TASK ITEM:
Transcribe exactly everything in the data below from the line containing "by (cases x) (auto simp: free_act_def)" down to the line containing "(simp add: card_insert_le_m1)", both lines included and nothing further.

Segment Start: SOURCE INFORMATION

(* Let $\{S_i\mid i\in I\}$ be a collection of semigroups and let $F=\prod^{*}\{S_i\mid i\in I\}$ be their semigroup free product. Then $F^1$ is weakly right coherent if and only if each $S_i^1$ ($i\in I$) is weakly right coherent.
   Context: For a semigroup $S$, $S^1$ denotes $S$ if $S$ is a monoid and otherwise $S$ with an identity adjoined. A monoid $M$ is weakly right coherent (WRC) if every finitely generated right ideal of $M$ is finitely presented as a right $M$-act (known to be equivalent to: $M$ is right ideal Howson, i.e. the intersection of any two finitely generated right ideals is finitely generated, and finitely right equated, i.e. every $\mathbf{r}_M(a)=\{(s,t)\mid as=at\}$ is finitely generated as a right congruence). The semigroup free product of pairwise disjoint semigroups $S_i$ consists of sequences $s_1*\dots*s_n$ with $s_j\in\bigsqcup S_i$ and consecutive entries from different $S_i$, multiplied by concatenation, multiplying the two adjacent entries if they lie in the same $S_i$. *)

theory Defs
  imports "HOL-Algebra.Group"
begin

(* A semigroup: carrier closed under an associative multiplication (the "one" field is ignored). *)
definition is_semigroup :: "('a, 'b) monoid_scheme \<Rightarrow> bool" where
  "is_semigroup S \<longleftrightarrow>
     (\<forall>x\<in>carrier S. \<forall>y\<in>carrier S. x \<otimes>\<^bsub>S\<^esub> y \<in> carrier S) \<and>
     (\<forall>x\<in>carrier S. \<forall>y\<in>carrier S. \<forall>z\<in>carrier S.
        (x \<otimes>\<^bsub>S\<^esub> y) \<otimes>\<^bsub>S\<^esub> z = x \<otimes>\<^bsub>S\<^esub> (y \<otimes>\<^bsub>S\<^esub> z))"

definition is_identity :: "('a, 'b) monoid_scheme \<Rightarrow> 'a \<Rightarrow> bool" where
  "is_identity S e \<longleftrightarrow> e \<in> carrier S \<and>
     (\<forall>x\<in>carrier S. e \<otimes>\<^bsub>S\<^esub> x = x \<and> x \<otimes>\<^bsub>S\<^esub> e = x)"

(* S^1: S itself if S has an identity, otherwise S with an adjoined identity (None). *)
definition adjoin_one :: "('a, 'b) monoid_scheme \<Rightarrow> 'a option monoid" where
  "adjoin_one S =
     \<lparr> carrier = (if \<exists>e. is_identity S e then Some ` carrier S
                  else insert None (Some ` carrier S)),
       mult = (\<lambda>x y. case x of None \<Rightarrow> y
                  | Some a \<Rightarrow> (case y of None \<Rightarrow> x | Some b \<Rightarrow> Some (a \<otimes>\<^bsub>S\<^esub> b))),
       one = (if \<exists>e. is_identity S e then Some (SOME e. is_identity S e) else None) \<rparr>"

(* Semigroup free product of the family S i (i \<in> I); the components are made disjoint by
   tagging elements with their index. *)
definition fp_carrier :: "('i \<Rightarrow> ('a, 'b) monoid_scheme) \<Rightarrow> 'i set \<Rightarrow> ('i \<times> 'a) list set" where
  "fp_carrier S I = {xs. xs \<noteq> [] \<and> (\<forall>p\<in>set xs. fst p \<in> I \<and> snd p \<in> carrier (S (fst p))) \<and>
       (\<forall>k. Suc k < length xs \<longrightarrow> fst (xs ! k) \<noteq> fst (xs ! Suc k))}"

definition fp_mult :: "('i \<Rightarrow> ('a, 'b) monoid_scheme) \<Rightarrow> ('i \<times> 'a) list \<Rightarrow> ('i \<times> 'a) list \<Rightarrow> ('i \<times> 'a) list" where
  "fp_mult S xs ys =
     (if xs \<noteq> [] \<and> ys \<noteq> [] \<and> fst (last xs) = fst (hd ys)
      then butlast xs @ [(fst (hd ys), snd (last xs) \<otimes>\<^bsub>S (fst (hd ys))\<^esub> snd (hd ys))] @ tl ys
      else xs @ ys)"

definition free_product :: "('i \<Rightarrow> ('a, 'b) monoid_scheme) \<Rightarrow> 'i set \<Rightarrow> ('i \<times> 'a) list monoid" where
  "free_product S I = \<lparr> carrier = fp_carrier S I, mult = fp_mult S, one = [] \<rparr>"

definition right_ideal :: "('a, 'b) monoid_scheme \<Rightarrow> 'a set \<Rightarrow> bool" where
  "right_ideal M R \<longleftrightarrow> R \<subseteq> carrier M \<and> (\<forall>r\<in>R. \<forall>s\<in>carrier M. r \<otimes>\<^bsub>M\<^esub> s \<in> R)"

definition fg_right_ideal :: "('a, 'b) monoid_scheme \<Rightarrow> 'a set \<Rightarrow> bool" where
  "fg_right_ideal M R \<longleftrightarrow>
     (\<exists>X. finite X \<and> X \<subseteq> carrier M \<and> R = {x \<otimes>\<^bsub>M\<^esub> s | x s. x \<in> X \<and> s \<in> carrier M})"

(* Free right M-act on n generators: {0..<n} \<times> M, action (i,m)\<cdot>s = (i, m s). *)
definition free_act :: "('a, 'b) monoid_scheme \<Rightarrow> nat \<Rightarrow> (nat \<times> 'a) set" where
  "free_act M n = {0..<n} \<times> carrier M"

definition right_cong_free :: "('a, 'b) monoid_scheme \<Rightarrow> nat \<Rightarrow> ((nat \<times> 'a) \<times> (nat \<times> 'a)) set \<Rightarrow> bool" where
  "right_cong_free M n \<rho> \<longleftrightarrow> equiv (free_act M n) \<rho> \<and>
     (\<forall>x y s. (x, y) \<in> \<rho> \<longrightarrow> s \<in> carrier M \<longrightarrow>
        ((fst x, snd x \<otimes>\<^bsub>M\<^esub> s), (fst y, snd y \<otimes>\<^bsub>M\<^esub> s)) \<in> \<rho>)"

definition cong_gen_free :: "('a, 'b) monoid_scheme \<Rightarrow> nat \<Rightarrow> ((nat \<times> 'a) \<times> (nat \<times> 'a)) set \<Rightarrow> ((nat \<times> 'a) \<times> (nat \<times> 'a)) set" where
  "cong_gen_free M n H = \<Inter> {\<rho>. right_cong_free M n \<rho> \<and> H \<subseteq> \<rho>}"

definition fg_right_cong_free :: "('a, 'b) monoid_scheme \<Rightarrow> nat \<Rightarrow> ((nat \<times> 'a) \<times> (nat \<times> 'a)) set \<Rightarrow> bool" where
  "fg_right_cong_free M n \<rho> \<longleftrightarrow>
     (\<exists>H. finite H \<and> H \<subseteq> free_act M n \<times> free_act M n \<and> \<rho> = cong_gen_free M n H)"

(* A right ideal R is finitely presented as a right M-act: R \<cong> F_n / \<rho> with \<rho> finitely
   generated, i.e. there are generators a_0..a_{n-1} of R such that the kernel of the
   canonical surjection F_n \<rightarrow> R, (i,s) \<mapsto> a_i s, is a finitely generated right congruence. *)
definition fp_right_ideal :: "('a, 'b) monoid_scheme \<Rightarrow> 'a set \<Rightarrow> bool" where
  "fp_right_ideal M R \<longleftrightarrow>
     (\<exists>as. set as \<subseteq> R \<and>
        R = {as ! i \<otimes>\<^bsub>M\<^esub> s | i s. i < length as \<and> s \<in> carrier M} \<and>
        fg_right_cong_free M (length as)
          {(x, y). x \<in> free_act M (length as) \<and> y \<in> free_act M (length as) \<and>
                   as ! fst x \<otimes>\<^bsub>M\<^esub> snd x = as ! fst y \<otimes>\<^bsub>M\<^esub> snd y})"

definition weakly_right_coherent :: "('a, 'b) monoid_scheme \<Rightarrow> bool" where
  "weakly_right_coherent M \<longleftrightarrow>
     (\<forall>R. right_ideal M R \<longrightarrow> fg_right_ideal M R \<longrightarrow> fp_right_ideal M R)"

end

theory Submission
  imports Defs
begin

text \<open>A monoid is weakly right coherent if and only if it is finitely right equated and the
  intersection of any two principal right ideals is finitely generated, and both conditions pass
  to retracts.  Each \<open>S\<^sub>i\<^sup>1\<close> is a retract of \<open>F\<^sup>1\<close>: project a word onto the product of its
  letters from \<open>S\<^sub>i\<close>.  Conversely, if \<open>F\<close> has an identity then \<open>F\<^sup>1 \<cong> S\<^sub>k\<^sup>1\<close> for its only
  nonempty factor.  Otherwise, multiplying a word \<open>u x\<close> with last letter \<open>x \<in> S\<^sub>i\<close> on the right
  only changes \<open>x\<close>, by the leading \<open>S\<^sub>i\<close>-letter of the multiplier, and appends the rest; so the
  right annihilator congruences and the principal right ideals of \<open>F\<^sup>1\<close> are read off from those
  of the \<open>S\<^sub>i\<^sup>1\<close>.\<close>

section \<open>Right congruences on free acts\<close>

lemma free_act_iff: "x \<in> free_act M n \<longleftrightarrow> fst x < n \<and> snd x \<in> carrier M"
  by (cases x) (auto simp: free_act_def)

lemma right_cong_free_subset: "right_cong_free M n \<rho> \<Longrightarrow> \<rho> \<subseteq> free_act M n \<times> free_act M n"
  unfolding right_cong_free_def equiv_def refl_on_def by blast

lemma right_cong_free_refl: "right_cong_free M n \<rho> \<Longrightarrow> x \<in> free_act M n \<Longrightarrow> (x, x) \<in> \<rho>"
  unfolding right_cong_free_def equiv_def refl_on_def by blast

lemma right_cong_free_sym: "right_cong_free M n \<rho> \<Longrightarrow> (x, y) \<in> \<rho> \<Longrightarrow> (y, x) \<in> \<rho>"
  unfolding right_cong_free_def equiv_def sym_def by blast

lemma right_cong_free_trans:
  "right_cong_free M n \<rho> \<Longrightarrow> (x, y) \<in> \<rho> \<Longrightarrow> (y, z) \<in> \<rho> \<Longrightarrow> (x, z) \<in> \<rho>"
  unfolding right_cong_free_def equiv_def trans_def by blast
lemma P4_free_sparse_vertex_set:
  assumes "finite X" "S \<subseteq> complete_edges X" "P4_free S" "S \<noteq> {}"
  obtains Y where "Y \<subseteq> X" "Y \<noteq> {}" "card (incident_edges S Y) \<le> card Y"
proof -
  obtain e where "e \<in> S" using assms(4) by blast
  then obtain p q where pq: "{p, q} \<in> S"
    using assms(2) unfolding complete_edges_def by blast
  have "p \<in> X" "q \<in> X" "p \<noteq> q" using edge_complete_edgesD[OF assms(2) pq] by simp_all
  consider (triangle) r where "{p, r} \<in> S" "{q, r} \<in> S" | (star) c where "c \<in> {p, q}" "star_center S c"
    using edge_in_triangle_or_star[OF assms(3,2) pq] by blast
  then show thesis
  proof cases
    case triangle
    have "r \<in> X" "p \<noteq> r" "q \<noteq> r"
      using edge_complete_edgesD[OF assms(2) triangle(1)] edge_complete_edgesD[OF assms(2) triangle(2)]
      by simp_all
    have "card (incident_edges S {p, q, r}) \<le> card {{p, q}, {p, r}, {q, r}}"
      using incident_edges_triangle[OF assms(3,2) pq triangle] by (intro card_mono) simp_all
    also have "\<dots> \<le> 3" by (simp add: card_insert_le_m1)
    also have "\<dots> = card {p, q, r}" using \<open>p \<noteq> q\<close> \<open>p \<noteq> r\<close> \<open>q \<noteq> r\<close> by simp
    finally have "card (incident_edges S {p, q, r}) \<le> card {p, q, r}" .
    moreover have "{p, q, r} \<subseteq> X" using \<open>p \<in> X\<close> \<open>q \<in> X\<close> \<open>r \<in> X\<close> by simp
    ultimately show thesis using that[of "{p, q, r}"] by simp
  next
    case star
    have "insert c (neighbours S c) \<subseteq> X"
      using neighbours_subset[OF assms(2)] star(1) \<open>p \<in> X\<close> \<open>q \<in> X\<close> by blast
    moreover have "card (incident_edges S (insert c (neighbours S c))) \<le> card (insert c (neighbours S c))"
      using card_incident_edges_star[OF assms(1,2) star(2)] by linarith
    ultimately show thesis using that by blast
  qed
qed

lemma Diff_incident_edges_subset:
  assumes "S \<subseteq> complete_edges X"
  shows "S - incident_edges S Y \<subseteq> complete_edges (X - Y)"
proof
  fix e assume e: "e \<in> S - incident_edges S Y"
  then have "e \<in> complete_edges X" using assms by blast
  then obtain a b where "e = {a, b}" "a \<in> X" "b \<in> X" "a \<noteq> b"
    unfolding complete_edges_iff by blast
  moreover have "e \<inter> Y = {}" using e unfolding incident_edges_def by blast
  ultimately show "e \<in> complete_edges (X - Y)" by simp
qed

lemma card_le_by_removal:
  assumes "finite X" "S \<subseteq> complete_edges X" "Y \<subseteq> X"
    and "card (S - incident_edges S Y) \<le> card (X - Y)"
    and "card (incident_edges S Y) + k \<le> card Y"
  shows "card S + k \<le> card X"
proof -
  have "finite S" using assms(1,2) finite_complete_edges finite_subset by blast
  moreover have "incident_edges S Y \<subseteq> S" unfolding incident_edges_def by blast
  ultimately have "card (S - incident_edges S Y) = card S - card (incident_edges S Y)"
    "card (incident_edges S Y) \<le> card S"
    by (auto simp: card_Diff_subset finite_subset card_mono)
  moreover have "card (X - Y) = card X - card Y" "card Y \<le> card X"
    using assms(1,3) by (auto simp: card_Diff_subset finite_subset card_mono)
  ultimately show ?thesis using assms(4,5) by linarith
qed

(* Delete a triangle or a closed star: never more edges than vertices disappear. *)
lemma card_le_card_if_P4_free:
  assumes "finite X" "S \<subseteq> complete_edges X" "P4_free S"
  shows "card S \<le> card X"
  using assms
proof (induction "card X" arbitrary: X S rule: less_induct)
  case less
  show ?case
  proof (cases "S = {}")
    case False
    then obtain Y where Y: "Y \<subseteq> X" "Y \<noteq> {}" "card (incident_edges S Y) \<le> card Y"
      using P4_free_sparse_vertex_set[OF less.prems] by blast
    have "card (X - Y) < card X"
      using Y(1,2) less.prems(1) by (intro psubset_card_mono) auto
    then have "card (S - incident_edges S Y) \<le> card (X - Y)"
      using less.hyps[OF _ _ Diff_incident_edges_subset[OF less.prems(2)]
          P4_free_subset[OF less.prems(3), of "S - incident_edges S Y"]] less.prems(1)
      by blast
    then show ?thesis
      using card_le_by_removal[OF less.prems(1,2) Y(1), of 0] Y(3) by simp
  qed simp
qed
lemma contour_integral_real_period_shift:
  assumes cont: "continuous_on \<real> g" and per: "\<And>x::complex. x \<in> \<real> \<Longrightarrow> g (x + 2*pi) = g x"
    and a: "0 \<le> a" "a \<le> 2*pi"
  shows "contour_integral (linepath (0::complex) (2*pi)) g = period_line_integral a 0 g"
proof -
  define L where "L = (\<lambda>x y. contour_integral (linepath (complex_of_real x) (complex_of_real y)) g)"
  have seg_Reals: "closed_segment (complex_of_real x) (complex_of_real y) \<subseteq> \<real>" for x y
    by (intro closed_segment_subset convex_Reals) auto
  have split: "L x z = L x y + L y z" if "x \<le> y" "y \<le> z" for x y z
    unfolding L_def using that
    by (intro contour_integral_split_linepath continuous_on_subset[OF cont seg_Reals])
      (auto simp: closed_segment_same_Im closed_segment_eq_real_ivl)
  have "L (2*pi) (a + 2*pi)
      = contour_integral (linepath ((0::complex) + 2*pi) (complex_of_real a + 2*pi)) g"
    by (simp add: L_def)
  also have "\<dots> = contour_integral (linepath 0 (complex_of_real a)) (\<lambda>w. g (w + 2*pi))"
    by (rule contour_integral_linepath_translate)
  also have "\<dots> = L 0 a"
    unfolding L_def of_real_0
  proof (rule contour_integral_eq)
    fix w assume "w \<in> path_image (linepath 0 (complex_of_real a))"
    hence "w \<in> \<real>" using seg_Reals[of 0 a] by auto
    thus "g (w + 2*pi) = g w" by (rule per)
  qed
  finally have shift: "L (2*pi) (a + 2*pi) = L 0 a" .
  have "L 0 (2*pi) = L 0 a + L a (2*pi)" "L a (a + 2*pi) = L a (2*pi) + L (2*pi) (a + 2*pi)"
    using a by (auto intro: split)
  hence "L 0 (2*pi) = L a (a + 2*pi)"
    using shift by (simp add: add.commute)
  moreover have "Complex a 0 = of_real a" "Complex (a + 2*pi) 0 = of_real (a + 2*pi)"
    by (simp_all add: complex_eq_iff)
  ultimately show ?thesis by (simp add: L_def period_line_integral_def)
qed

Segment End: SOURCE INFORMATION

EXERCISE RESPONSE:
  by (cases x) (auto simp: free_act_def)

lemma right_cong_free_subset: "right_cong_free M n \<rho> \<Longrightarrow> \<rho> \<subseteq> free_act M n \<times> free_act M n"
  unfolding right_cong_free_def equiv_def refl_on_def by blast

lemma right_cong_free_refl: "right_cong_free M n \<rho> \<Longrightarrow> x \<in> free_act M n \<Longrightarrow> (x, x) \<in> \<rho>"
  unfolding right_cong_free_def equiv_def refl_on_def by blast

lemma right_cong_free_sym: "right_cong_free M n \<rho> \<Longrightarrow> (x, y) \<in> \<rho> \<Longrightarrow> (y, x) \<in> \<rho>"
  unfolding right_cong_free_def equiv_def sym_def by blast

lemma right_cong_free_trans:
  "right_cong_free M n \<rho> \<Longrightarrow> (x, y) \<in> \<rho> \<Longrightarrow> (y, z) \<in> \<rho> \<Longrightarrow> (x, z) \<in> \<rho>"
  unfolding right_cong_free_def equiv_def trans_def by blast
lemma P4_free_sparse_vertex_set:
  assumes "finite X" "S \<subseteq> complete_edges X" "P4_free S" "S \<noteq> {}"
  obtains Y where "Y \<subseteq> X" "Y \<noteq> {}" "card (incident_edges S Y) \<le> card Y"
proof -
  obtain e where "e \<in> S" using assms(4) by blast
  then obtain p q where pq: "{p, q} \<in> S"
    using assms(2) unfolding complete_edges_def by blast
  have "p \<in> X" "q \<in> X" "p \<noteq> q" using edge_complete_edgesD[OF assms(2) pq] by simp_all
  consider (triangle) r where "{p, r} \<in> S" "{q, r} \<in> S" | (star) c where "c \<in> {p, q}" "star_center S c"
    using edge_in_triangle_or_star[OF assms(3,2) pq] by blast
  then show thesis
  proof cases
    case triangle
    have "r \<in> X" "p \<noteq> r" "q \<noteq> r"
      using edge_complete_edgesD[OF assms(2) triangle(1)] edge_complete_edgesD[OF assms(2) triangle(2)]
      by simp_all
    have "card (incident_edges S {p, q, r}) \<le> card {{p, q}, {p, r}, {q, r}}"
      using incident_edges_triangle[OF assms(3,2) pq triangle] by (intro card_mono) simp_all
    also have "\<dots> \<le> 3" by (simp add: card_insert_le_m1)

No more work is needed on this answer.